You see, my depression has flanked me. Its thinking is thus: if it hides my motivation, I won’t get my work done. If I don’t get my work done, I’ll get fired and then we can hole up in bed forever together with the ultimate goal of ending this dumb thing called life. In the meantime, it will load me up with anxiety over getting fired, which just makes it impossible to sleep or get anything done. Win-win, says my depression.
Basically, my own brain wants me to die. Seriously, what kind of survival instinct is that? Who evolved such a thing and why? I have a bone to pick with this system. My brain is antithetical to what a brain should be. I have an anti-brain. Is it just tired of running everything?
My struggle recently has been getting out of bed. What an idiotic struggle to have. A lot of people are desperately trying to survive another day. I’m doing the same, but not because I don’t have basic necessities or bombs are falling on my head, but because my own brain is trying to kill me.
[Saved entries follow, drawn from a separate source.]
lemma star_packing_dense:
  assumes H: "star_packing E A B D H" and fin: "finite A" "finite B" and "A \<inter> B = {}" "0 < D" "A \<noteq> {}"
    and many: "card A \<le> 5 * card {b\<in>B. degree H b = D}"
  shows "H \<noteq> {}" "\<Union>H \<subseteq> A \<union> B" "D * card (\<Union>H) \<le> 6 * card H"
proof -
  define B' where "B' = {b\<in>B. degree H b = D}"
  have "finite H"
    using H fin by (rule star_packing_finite)
  have card_H: "card H = D * card B'"
    unfolding B'_def using H fin \<open>A \<inter> B = {}\<close> by (rule star_packing_card_eq)
  have "\<Union>H \<subseteq> A \<union> B'"
    unfolding B'_def using H \<open>finite H\<close> by (rule star_packing_Union_subset)
  then show "\<Union>H \<subseteq> A \<union> B"
    unfolding B'_def by blast
  have "card (\<Union>H) \<le> card (A \<union> B')"
    using fin \<open>\<Union>H \<subseteq> A \<union> B'\<close> unfolding B'_def by (intro card_mono) auto
  also have "\<dots> \<le> card A + card B'"
    by (rule card_Un_le)
  finally have "card (\<Union>H) \<le> 6 * card B'"
    using many unfolding B'_def by linarith
  then show "D * card (\<Union>H) \<le> 6 * card H"
    using card_H by simp
  have "card A \<noteq> 0"
    using fin(1) \<open>A \<noteq> {}\<close> by simp
  then show "H \<noteq> {}"
    using many card_H \<open>0 < D\<close> unfolding B'_def by auto
qed

lemma star_packing_saturated_neighbours:
  assumes "star_packing E A B D H" "finite A"
    and "card {a\<in>A. {a, b} \<in> E \<and> degree H a < D} < D"
    and "Suc j * (D - 1) + 1 \<le> card {a\<in>A. {a, b} \<in> E}"
  shows "j * (D - 1) + 1 \<le> card {a\<in>{a\<in>A. degree H a = D}. {a, b} \<in> E}"
proof -
  have "{a\<in>A. {a, b} \<in> E}
      \<subseteq> {a\<in>{a\<in>A. degree H a = D}. {a, b} \<in> E} \<union> {a\<in>A. {a, b} \<in> E \<and> degree H a < D}"
    using star_packingD(4)[OF assms(1)] by fastforce
  then have "card {a\<in>A. {a, b} \<in> E}
      \<le> card ({a\<in>{a\<in>A. degree H a = D}. {a, b} \<in> E} \<union> {a\<in>A. {a, b} \<in> E \<and> degree H a < D})"
    using assms(2) by (intro card_mono) auto
  also have "\<dots> \<le> card {a\<in>{a\<in>A. degree H a = D}. {a, b} \<in> E} + card {a\<in>A. {a, b} \<in> E \<and> degree H a < D}"
    by (rule card_Un_le)
  finally show ?thesis
    using assms(3,4) by simp
qed
lemma cells_from_translation_invariant:
  assumes "\<forall>a b. h a b \<in> range enc \<and> h a b = h (Suc a) (Suc b)"
  shows "\<exists>Y. \<forall>a b. h a b = enc (Y (int a - int b))"
proof -
  have shift: "h (a + c) (b + c) = h a b" for a b c
    by (induction c) (use assms in auto)
  have diff: "h a b = h (nat (int a - int b)) (nat (- (int a - int b)))" for a b
  proof -
    have "a = nat (int a - int b) + min a b" "b = nat (- (int a - int b)) + min a b"
      by auto
    then show ?thesis by (metis shift)
  qed
  have enc_inv: "enc (inv enc (h a b)) = h a b" for a b
    by (rule f_inv_into_f) (use assms in simp)
  have repr: "h a b = enc (inv enc (h (nat (int a - int b)) (nat (- (int a - int b)))))" for a b
    using diff[of a b] enc_inv by simp
  show ?thesis
    by (intro exI[of _ "\<lambda>i. inv enc (h (nat i) (nat (- i)))"] allI) (rule repr)
qed

definition cells_of :: "('a \<Rightarrow> nat) \<Rightarrow> (nat \<Rightarrow> int \<Rightarrow> 'a) \<Rightarrow> nat set" where
  "cells_of enc X = {cell_code k a b (enc (X k (int a - int b))) | k a b. True}"

lemma cell_cells_of:
  assumes "\<forall>c. enc c < M"
  shows "cell M (cells_of enc X) k a b = enc (X k (int a - int b))"
proof -
  have "cell_code k a b e \<in> cells_of enc X \<longleftrightarrow> e = enc (X k (int a - int b))" for e
    by (auto simp: cells_of_def cell_code_def)
  then have "cell M (cells_of enc X) k a b = (\<Sum>e<M. if e = enc (X k (int a - int b)) then e else 0)"
    unfolding cell_def by (intro sum.cong) auto
  then show ?thesis using assms by (simp add: sum.delta)
qed

lemma row_segment_eq_word_code:
  assumes "\<And>a b. cell M C k a b = enc (Y (int a - int b))"
  shows "row_segment M C k a b q =
    word_code enc (map (\<lambda>j. Y (int a - int b - int q + 1 + int j)) [0..<q])"
proof -
  have "rev (map (\<lambda>j. cell M C k a (b + j)) [0..<q])
      = rev (map enc (map (\<lambda>j. Y (int a - int b - int j)) [0..<q]))"
    using assms by (simp add: algebra_simps)
  also have "\<dots> = map enc (rev (map (\<lambda>j. Y (int a - int b - int j)) [0..<q]))"
    by (rule rev_map)
  finally show ?thesis
    unfolding row_segment_def word_code_def by (simp only: rev_map_downwards)
qed

definition local_table :: "('a \<Rightarrow> nat) \<Rightarrow> nat \<Rightarrow> ((int \<Rightarrow> 'a) \<Rightarrow> (int \<Rightarrow> 'a)) \<Rightarrow> nat set" where
  "local_table enc r f =
     {prod_encode (word_code enc (map (\<lambda>j. z (int j)) [0..<Suc (2 * r)]), enc (f z (int r))) | z. True}"

lemma finite_local_table: "finite (local_table enc r (f :: (int \<Rightarrow> 'a::finite) \<Rightarrow> _))"
proof -
  have "local_table enc r f \<subseteq>
      (\<lambda>(u, c). prod_encode (word_code enc u, enc c)) ` ({u. length u = Suc (2 * r)} \<times> UNIV)"
    unfolding local_table_def by auto
  moreover have "finite {u :: 'a list. length u = Suc (2 * r)}"
    using finite_lists_length_eq[of "UNIV :: 'a set"] by simp
  then have "finite ((\<lambda>(u, c). prod_encode (word_code enc u, enc c)) ` ({u. length u = Suc (2 * r)} \<times> UNIV))"
    by (intro finite_imageI finite_cartesian_product) simp_all
  ultimately show ?thesis
    by (rule finite_subset)
qed

lemma local_table_iff:
  assumes ca: "cellular_automaton f" and "inj enc"
    and radius: "\<forall>y z. (\<forall>j\<le>2 * r. y (int j) = z (int j)) \<longrightarrow> f y (int r) = f z (int r)"
  shows "prod_encode (word_code enc (map (\<lambda>j. Y (s + int j)) [0..<Suc (2 * r)]), enc c)
      \<in> local_table enc r f \<longleftrightarrow> c = f Y (s + int r)"
proof -
  let ?Ys = "\<lambda>i. Y (s + i)"
  have f_Ys: "f ?Ys (int r) = f Y (s + int r)"
    using cellular_automaton_translate[OF ca, of Y s] by (simp add: add.commute)
  have "prod_encode (word_code enc (map (\<lambda>j. Y (s + int j)) [0..<Suc (2 * r)]), enc c)
      \<in> local_table enc r f \<longleftrightarrow>
    (\<exists>z. map (\<lambda>j. ?Ys (int j)) [0..<Suc (2 * r)] = map (\<lambda>j. z (int j)) [0..<Suc (2 * r)]
       \<and> c = f z (int r))"
    unfolding local_table_def using \<open>inj enc\<close>
    by (simp add: word_code_eq_iff inj_eq del: upt_Suc map_eq_conv)
  also have "\<dots> \<longleftrightarrow> c = f Y (s + int r)"
  proof
    assume "\<exists>z. map (\<lambda>j. ?Ys (int j)) [0..<Suc (2 * r)] = map (\<lambda>j. z (int j)) [0..<Suc (2 * r)]
      \<and> c = f z (int r)"
    then obtain z where z: "map (\<lambda>j. ?Ys (int j)) [0..<Suc (2 * r)] = map (\<lambda>j. z (int j)) [0..<Suc (2 * r)]"
      and c: "c = f z (int r)"
      by blast
    have "\<forall>j\<le>2 * r. z (int j) = ?Ys (int j)"
      using z unfolding map_eq_conv by (auto simp del: upt_Suc)
    then have "f z (int r) = f ?Ys (int r)"
      using radius by simp
    then show "c = f Y (s + int r)"
      using c f_Ys by simp
  next
    assume "c = f Y (s + int r)"
    then show "\<exists>z. map (\<lambda>j. ?Ys (int j)) [0..<Suc (2 * r)] = map (\<lambda>j. z (int j)) [0..<Suc (2 * r)]
      \<and> c = f z (int r)"
      using f_Ys by (intro exI[of _ ?Ys]) simp
  qed
  finally show ?thesis .
qed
Ridiculous.
Rationally, I know it’s ridiculous, but since my brain is responsible for thinking and typing these words, and wanting to kill me, it’s an insidious enemy to have. Brains: can’t live with ’em… Sigh.
FYI: Don’t worry. I will continue this stupid fight with my brain until I die of some cause other than myself. I have no intention of letting it win.
Anyway, that’s all I got. How have you been since last we chatted?
P.S. I just realized it’s November and therfore NaNoWriMo and NaBloPoMo. I am clearly not doing either, but a belated good luck to all who are more motivated than this lazy fish. I miss my Tiny Pepper friends.